I have been experiencing some difficulty in getting consistent depth readings from MobileNetSpatialDetectionNetwork using an OAK-D-Lite running from a Raspberry Pi 4. It appears that this inconsistency of depth readings were caused by misalignment of the depth roi used by the MobileNetSpatialDetectionNetwork to compute the spatial coordinates.

As an illustration of the issue, I used the example code in spatial_mobilenet.py, to get perfect alignment of the roi to the face detection bounding box. I modified spatial_mobilenet.py to use the face-detection-retail-004 model from the model zoo. Here is the spatial_mobilenet_modified.py code that I ended up with.

When I ran the code with the OAK-D-Lite pointing to a face target, I could see the face was detected and a bounding box drawn around the face on the preview image. On the depth image, there is a clear silhouette of the face target and the roi box is within the face silhouette as expected. BTW, I was able to move the target around both left, right, up, down, closer, further away and the roi box is always within the face target silhouette. I captured the screenshots of one of the preview and depth window instances for illustration.
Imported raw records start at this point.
lemma near_corner_gog_exists:
  assumes "x < n - 1 - k" "y < k"
  shows "\<exists>X. gog n X \<and> card (inversions n X) = triangular k + x
                     \<and> card (coinversions n X) = triangular (n - 1 - k) + y"
proof -
  define L where "L = n - 1 - k"
  have "n = L + k + 1" "x < L" "y < k"
    using assms by (auto simp: L_def)
  define g where "g d = L - d + (if d = 0 then y else 0)" for d
  define h where "h j = (if j \<le> 1 then L - x else L + y)" for j :: nat
  have g: "antimono g" and h: "mono h"
    by (auto simp: g_def h_def intro!: antimonoI monoI)
  \<comment> \<open>A perturbation of the corner triangle, where \<open>g d = L - d\<close>: capping column 1 at \<open>L - x\<close>
      creates the \<open>x\<close> inversions \<open>(i, 1)\<close> with \<open>i \<le> x\<close>, and raising \<open>g 0\<close> by \<open>y\<close> creates the \<open>y\<close>
      coinversions \<open>(i, i)\<close> with \<open>k - y < i \<le> k\<close>.\<close>
  let ?X = "cap_triangle n g h"
  let ?I = "{(i, j). 1 \<le> j \<and> j + L \<le> i \<and> i \<le> L + k}"
  let ?C = "{(i, j). k + 1 \<le> j \<and> j \<le> i \<and> i \<le> k + L}"
  have inv: "inversions n ?X = ?I \<union> (\<lambda>i. (i, 1)) ` {1..x}"
  proof (rule set_eqI, clarify)
    fix i j :: nat
    show "(i, j) \<in> inversions n ?X \<longleftrightarrow> (i, j) \<in> ?I \<union> (\<lambda>i. (i, 1)) ` {1..x}"
      unfolding cap_triangle_inversion_iff[OF g] using \<open>n = L + k + 1\<close> \<open>x < L\<close> \<open>y < k\<close>
      by (cases "j = 1") (auto simp: g_def h_def min_def)
  qed
  have coinv: "coinversions n ?X = ?C \<union> (\<lambda>i. (i, i)) ` {k + 1 - y..k}"
  proof (rule set_eqI, clarify)
    fix i j :: nat
    show "(i, j) \<in> coinversions n ?X \<longleftrightarrow> (i, j) \<in> ?C \<union> (\<lambda>i. (i, i)) ` {k + 1 - y..k}"
      unfolding cap_triangle_coinversion_iff[OF h] using \<open>n = L + k + 1\<close> \<open>x < L\<close> \<open>y < k\<close>
      by (cases "j = 1") (auto simp: g_def h_def)
  qed
  have "finite ?I" "card ?I = triangular k" "finite ?C" "card ?C = triangular L"
    using finite_staircase[of 0 L k] card_staircase[of 0 L k]
      finite_staircase[of k 0 L] card_staircase[of k 0 L] by simp_all
  moreover have "card ((\<lambda>i. (i, 1 :: nat)) ` {1..x}) = x" "card ((\<lambda>i. (i, i)) ` {k + 1 - y..k}) = y"
    using \<open>y < k\<close> by (simp_all add: card_image inj_on_def)
  moreover have "?I \<inter> (\<lambda>i. (i, 1)) ` {1..x} = {}" "?C \<inter> (\<lambda>i. (i, i)) ` {k + 1 - y..k} = {}"
    using \<open>x < L\<close> by auto
  ultimately have "card (inversions n ?X) = triangular k + x" "card (coinversions n ?X) = triangular L + y"
    unfolding inv coinv by (simp_all add: card_Un_disjoint)
  then show ?thesis
    using cap_triangle_gog[OF g h] L_def by blast
qed

lemma A_n_Suc_cases:
  assumes "1 \<le> m" "(p, q) \<in> A_n (Suc m)"
  obtains (left) "m \<le> p" "(p - m, q) \<in> A_n m"
    | (right) "m \<le> q" "(q - m, p) \<in> A_n m"
    | (near_corner) k where "triangular k \<le> p" "p - triangular k < m - k"
        "triangular (m - k) \<le> q" "q - triangular (m - k) < k"
proof -
  obtain k where k: "k < Suc m" "triangular k \<le> p" "triangular (m - k) \<le> q" "p + q \<le> triangular m"
    using assms(2) mem_A_n_iff[of "Suc m" p q] by auto
  have tri_pred: "triangular (j - 1) + j = triangular j" if "1 \<le> j" for j
    using triangular_Suc[of "j - 1"] that by simp
  consider "1 \<le> k" "triangular (k - 1) + m \<le> p"
    | "k < m" "triangular (m - 1 - k) + m \<le> q"
    | "p - triangular k < m - k" "q - triangular (m - k) < k"
  proof (cases "k = 0 \<or> k = m")
    case True
    then show thesis
      using that(1,2) k tri_pred[of m] \<open>1 \<le> m\<close> by auto
  next
    case False
    then show thesis
      using that k tri_pred[of k] tri_pred[of "m - k"] by (simp add: Suc_diff_Suc) linarith
  qed
  then show thesis
  proof cases
    case 1
    have "(p - m, q) \<in> A_n m"
      unfolding mem_A_n_iff[OF \<open>1 \<le> m\<close>] using 1 k tri_pred[of k] tri_pred[of m] \<open>1 \<le> m\<close>
      by (intro exI[of _ "k - 1"]) (auto simp: Suc_diff_Suc)
    then show thesis
      using left 1 by simp
  next
    case 2
    have "(q - m, p) \<in> A_n m"
      unfolding mem_A_n_iff[OF \<open>1 \<le> m\<close>] using 2 k tri_pred[of m]
      by (intro exI[of _ "m - 1 - k"]) (auto simp: Suc_diff_Suc)
    then show thesis
      using right 2 by simp
  next
    case 3
    then show thesis
      using near_corner k by blast
  qed
qed

lemma A_n_realised:
  assumes "1 \<le> n" "(p, q) \<in> A_n n"
  shows "\<exists>X. gog n X \<and> card (inversions n X) = p \<and> card (coinversions n X) = q"
  using assms
proof (induction n arbitrary: p q rule: nat_induct_at_least)
  case base
  then have "p = 0" "q = 0"
    by (auto simp: mem_A_n_iff)
  moreover have "inversions 1 X = {}" "coinversions 1 X = {}" for X
    by (auto simp: inversions_def coinversions_def)
  ultimately show ?case
    using corner_triangle_gog[of 1 0] by auto
next
  case (Suc m)
  from \<open>1 \<le> m\<close> \<open>(p, q) \<in> A_n (Suc m)\<close> show ?case
  proof (cases rule: A_n_Suc_cases)
    case left
    then obtain Y where "gog m Y" "card (inversions m Y) = p - m" "card (coinversions m Y) = q"
      using Suc.IH by blast
    then show ?thesis
      using extend_left_gog card_inversions_extend_left card_coinversions_extend_left left
      by (intro exI[of _ "extend_left m Y"]) auto
  next
    case right
    then obtain Y where "gog m Y" "card (inversions m Y) = q - m" "card (coinversions m Y) = p"
      using Suc.IH by blast
    then show ?thesis
      using reflect_gog[OF extend_left_gog] card_inversions_reflect card_coinversions_reflect
        card_inversions_extend_left card_coinversions_extend_left right
      by (intro exI[of _ "reflect (Suc m) (extend_left m Y)"]) auto
  next
    case (near_corner k)
    then show ?thesis
      using near_corner_gog_exists[of "p - triangular k" "Suc m" k "q - triangular (m - k)"] by simp
  qed
qed

lemma corner_counts_iff:
  assumes "1 \<le> n" "k < n"
  shows "gog n X \<and> card (inversions n X) = triangular k \<and> card (coinversions n X) = triangular (n - 1 - k)
    \<longleftrightarrow> X = corner_triangle n k"
proof -
  have "(triangular k, triangular (n - 1 - k)) \<in> A_n n"
    unfolding mem_A_n_iff[OF assms(1)] using assms(2) triangular_add_le[of k "n - 1 - k"]
    by (intro exI[of _ k]) simp
  then obtain Y where "gog n Y" "card (inversions n Y) = triangular k"
      "card (coinversions n Y) = triangular (n - 1 - k)"
    using A_n_realised[OF assms(1)] by blast
  moreover from this have "Y = corner_triangle n k"
    using gog_eq_corner_triangle assms(2) by blast
  ultimately show ?thesis
    using gog_eq_corner_triangle assms(2) by blast
qed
I then modified the code adding a ImageManip node between the camRgb.preview output and the MobileNetSpatialDetectionNetwork input. The preview size was left as 300x300 and the imageManip .setResize was set to 300x300 as well. Here is the spatial_mobilenet_modified_with_imageManip.py code that I ended up with.

When I ran the new spatial_mobilenet_modified_with_imageManip.py code, the roi box on the depth image got smaller and moved to the upper left side. I captured screenshots of one of the preview_with_ImageManip and depth_with_ImageManip window instances for illustration. Please look for the smaller white box on the upper left corner on the depth_with_ImageManip.png image. One interesting observation is that, as I increase the FRAME_SIZE, e.g. to FRAME_SIZE(800, 800), the roi box size seems to increase proportionally. The larger the FRAME_SIZE, the larger the roi box.

I do not know if I am not using the ImageManip node correctly or if this is what I would expect. Has anyone else seen the same behavior? It would be really nice if I can insert ImageManip nodes to build more complex pipelines and keep the depth detections consistent.

Would appreciate hearing from others who have experimented with building complex pipelines for spatial detections using ImageManip nodes and are getting consistent coordinate results.

Thanks,
Francis.

erik

Hi FrancisTse ,
Thanks for the report! Changing preview size to;

camRgb.setPreviewSize(1920,1080)

Seems to work as expected. But to me, it doesn't seem to work as expected, I will report this to the FW team.
Thanks, Erik

FrancisTse

Hello Erik,
The roi area size seems to increase as I increased the camRgb.setPreviewSize() values. As I increased it to 1920x1080, the roi size for the case with the ImageManip node starts to match the roi size with preview set directly to 300x300.
However, I am hoping to be able to set preview to 1072x1072 as in the gen2-face-recognition experiment. I want to be able to add spatial detection to the face recognition pipeline so I can tell how far the recognized face is.
Hope the FW team can help with this.
Thanks,
Francis.